The shift to 5G was supposed to be the next big thing for telcos. Telecom companies are betting big on it, and they had a solid rollout plan. However, with Canadians sitting at home thanks to the pandemic-induced lockdown, these plans went on a slow burn.
5G stocks took a hit on the stock market but have reported better-than-expected results for the third quarter, and there’s a lot of clarity on their future now. Here’s a quick look at two companies that are excellent dividend payers and have a strong handle on their businesses, too.
Telus has a forward yield of 5.1%
Telus (TSX:T)(NYSE:TU) added 277,000 subscribers in Q3 and increased revenue by 7.7% to $4 billion. However, EBITDA (earnings before interest, tax, depreciation, and amortization) declined by 3.1% to $1.4 billion.
Telus currently sports a forward yield of 5.1%, and the company reinstated its multi-year dividend-growth program. It’s in its 10th year, and Telus is targeting an annual dividend growth of between 7% and 10% through 2022.
The pandemic has directly benefitted the company’s internet business, as more people are staying at home. Internet connections are up 7.2% in the last 12 months to almost 2.1 million customers, while its TV subscriber base has grown by 4.4% and to 1.2 million. Comparatively, its security customer base expanded to 684,000.
The company’s mobile phone base has grown at a slower rate, both due to the high base rate and the fact that phone usage has dropped significantly thanks to the pandemic. While Telus’s wireless subscriber base has grown to 10.6 million and is up 4.9% over the last 12 months, its mobile phone subscribers have grown only 2.3% to 8.9 million while its mobile-connected devices subscriber base has grown 20.3% to over 1.7 million.

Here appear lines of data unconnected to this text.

lemma local_solution_exists:
  fixes F :: "'c::euclidean_space \<Rightarrow> 'c"
  assumes lip: "L-lipschitz_on (cball w 1) F"
  shows "\<exists>d>0. \<exists>z. z 0 = w \<and> (\<forall>t\<in>{0..d}. (z has_vector_derivative F (z t)) (at t within {0..d}))"
proof -
  \<comment> \<open>composing with the projection onto the ball makes the field globally Lipschitz\<close>
  define P where "P = closest_point (cball w 1)"
  have P_in: "P x \<in> cball w 1" for x
    unfolding P_def by (rule closest_point_in_set) auto
  have "1-lipschitz_on UNIV P"
    unfolding P_def by (intro lipschitz_onI) (simp_all add: closest_point_lipschitz)
  moreover have "L-lipschitz_on (range P) F"
    using lip P_in by (blast intro: lipschitz_on_subset)
  ultimately have G_lip: "L-lipschitz_on UNIV (\<lambda>x. F (P x))"
    using lipschitz_on_compose2 by fastforce
  have "bounded (F ` cball w 1)"
    by (intro compact_imp_bounded compact_continuous_image lipschitz_on_continuous_on[OF lip]) auto
  then obtain M where M: "M > 0" "\<And>x. x \<in> cball w 1 \<Longrightarrow> norm (F x) \<le> M"
    by (auto simp: bounded_pos)
  have L: "L \<ge> 0" using lipschitz_on_nonneg[OF lip] .
  define d where "d = min (1 / M) (1 / (L + 1))"
  have d: "d > 0" "M * d \<le> 1" "L * d < 1"
    using M L by (auto simp: d_def min_def field_simps)
  obtain z where z_cont: "continuous_on {0..d} z"
    and z_eq: "\<And>t. t \<in> {0..d} \<Longrightarrow> z t = w + integral {0..t} (\<lambda>s. F (P (z s)))"
    using integral_equation_solvable[OF G_lip, of d w] d by auto
  have FP_cont: "continuous_on {0..d} (\<lambda>s. F (P (z s)))"
    using lipschitz_on_continuous_on[OF G_lip] z_cont by (rule continuous_on_compose2) auto
  \<comment> \<open>the solution never leaves the ball, where the projection is the identity\<close>
  have z_in: "z t \<in> cball w 1" if t: "t \<in> {0..d}" for t
  proof -
    have "norm (integral {0..t} (\<lambda>s. F (P (z s)))) \<le> M * (t - 0)"
      using t P_in M(2) by (intro integral_bound continuous_on_subset[OF FP_cont]) auto
    also have "\<dots> \<le> 1" using t d M(1) by (metis atLeastAtMost_iff diff_zero mult_left_mono order_trans less_imp_le)
    finally show ?thesis using z_eq[OF t] by (simp add: dist_norm)
  qed
  have "(z has_vector_derivative F (z t)) (at t within {0..d})" if t: "t \<in> {0..d}" for t
  proof (rule has_vector_derivative_transform[OF t])
    show "z s = w + integral {0..s} (\<lambda>s. F (P (z s)))" if "s \<in> {0..d}" for s
      using z_eq[OF that] .
    show "((\<lambda>s. w + integral {0..s} (\<lambda>s. F (P (z s)))) has_vector_derivative F (z t)) (at t within {0..d})"
      using integral_has_vector_derivative[OF FP_cont t] z_in[OF t]
      by (auto intro!: derivative_eq_intros simp: P_def closest_point_self)
  qed
  moreover have "z 0 = w" using z_eq[of 0] d by simp
  ultimately show ?thesis using d by blast
qed

lemma is_invariant_frechet_derivative_eq_0:
  fixes F :: "'c::euclidean_space \<Rightarrow> 'c" and I :: "'c \<Rightarrow> real"
  assumes inv: "is_invariant F I" and lip: "L-lipschitz_on (cball w 1) F"
    and I: "I differentiable (at w)"
  shows "frechet_derivative I (at w) (F w) = 0"
proof -
  obtain d z where d: "d > 0" and z0: "z 0 = w"
    and z: "\<And>t. t \<in> {0..d} \<Longrightarrow> (z has_vector_derivative F (z t)) (at t within {0..d})"
    using local_solution_exists[OF lip] by blast
  have 0: "0 \<in> {0..d}" using d by simp
  have "((I \<circ> z) has_vector_derivative frechet_derivative I (at w) (F w)) (at 0 within {0..d})"
  proof -
    have "(I has_derivative frechet_derivative I (at w)) (at (z 0) within z ` {0..d})"
      using I z0 by (simp add: frechet_derivative_works has_derivative_at_withinI)
    from vector_derivative_diff_chain_within[OF z[OF 0] this] show ?thesis by (simp add: z0)
  qed
  moreover have "((I \<circ> z) has_vector_derivative 0) (at 0 within {0..d})"
  proof (rule has_vector_derivative_transform[OF 0 _ has_vector_derivative_const])
    have "is_interval {0..d}" by (rule is_interval_cc)
    then show "(I \<circ> z) s = I w" if "s \<in> {0..d}" for s
      using inv z that 0 z0 unfolding is_invariant_def o_def by blast
  qed
  ultimately show ?thesis
    using vector_derivative_unique_within_closed_interval[of 0 d 0] d by simp
qed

Telus acquired Lionbridge AI for $1.2 billion in November. Lionbridge is a provider of crowd-based training data and annotation platform solutions used in the development of AI algorithms to power machine learning. This is a very smart play, as the company moves to expand beyond its phone and internet businesses.
BCE is a Dividend Aristocrat
BCE (TSX:BCE)(NYSE:BCE) is trading at $55.75 and has a very attractive dividend payout of 6%. The company’s third-quarter figures saw it achieve over $1 billion of cash flow. It ended Q3 with $5.2 billion in liquidity, and this doesn’t include approximately $940 million in cash that it received from the sale of Bell data centres to Equinix.
BCE owns over 30 TV and radio stations, and this vertical has borne the brunt of the pandemic, as media advertising reduced. Q3 revenues for BCE decreased by 2.6% to $5.7 billion compared to $5.9 billion in Q3 of 2019.
The company added 128,168 total wireless postpaid and prepaid net customers. It also added 81,696 net retail Internet and IPTV customers to its wireline broadband subscribers. Internet revenue grew by 10%. BCE claims to have Canada’s fastest 5G network, and it has been rolling out its service this year. Expect the company to derive massive benefits from this once the pandemic subsides and people start going out again.
As Fellow Fool Andrew Walker told us in the last week of October, BCE is a strong company with solid fundamentals and can move up by 20% by the end of 2021.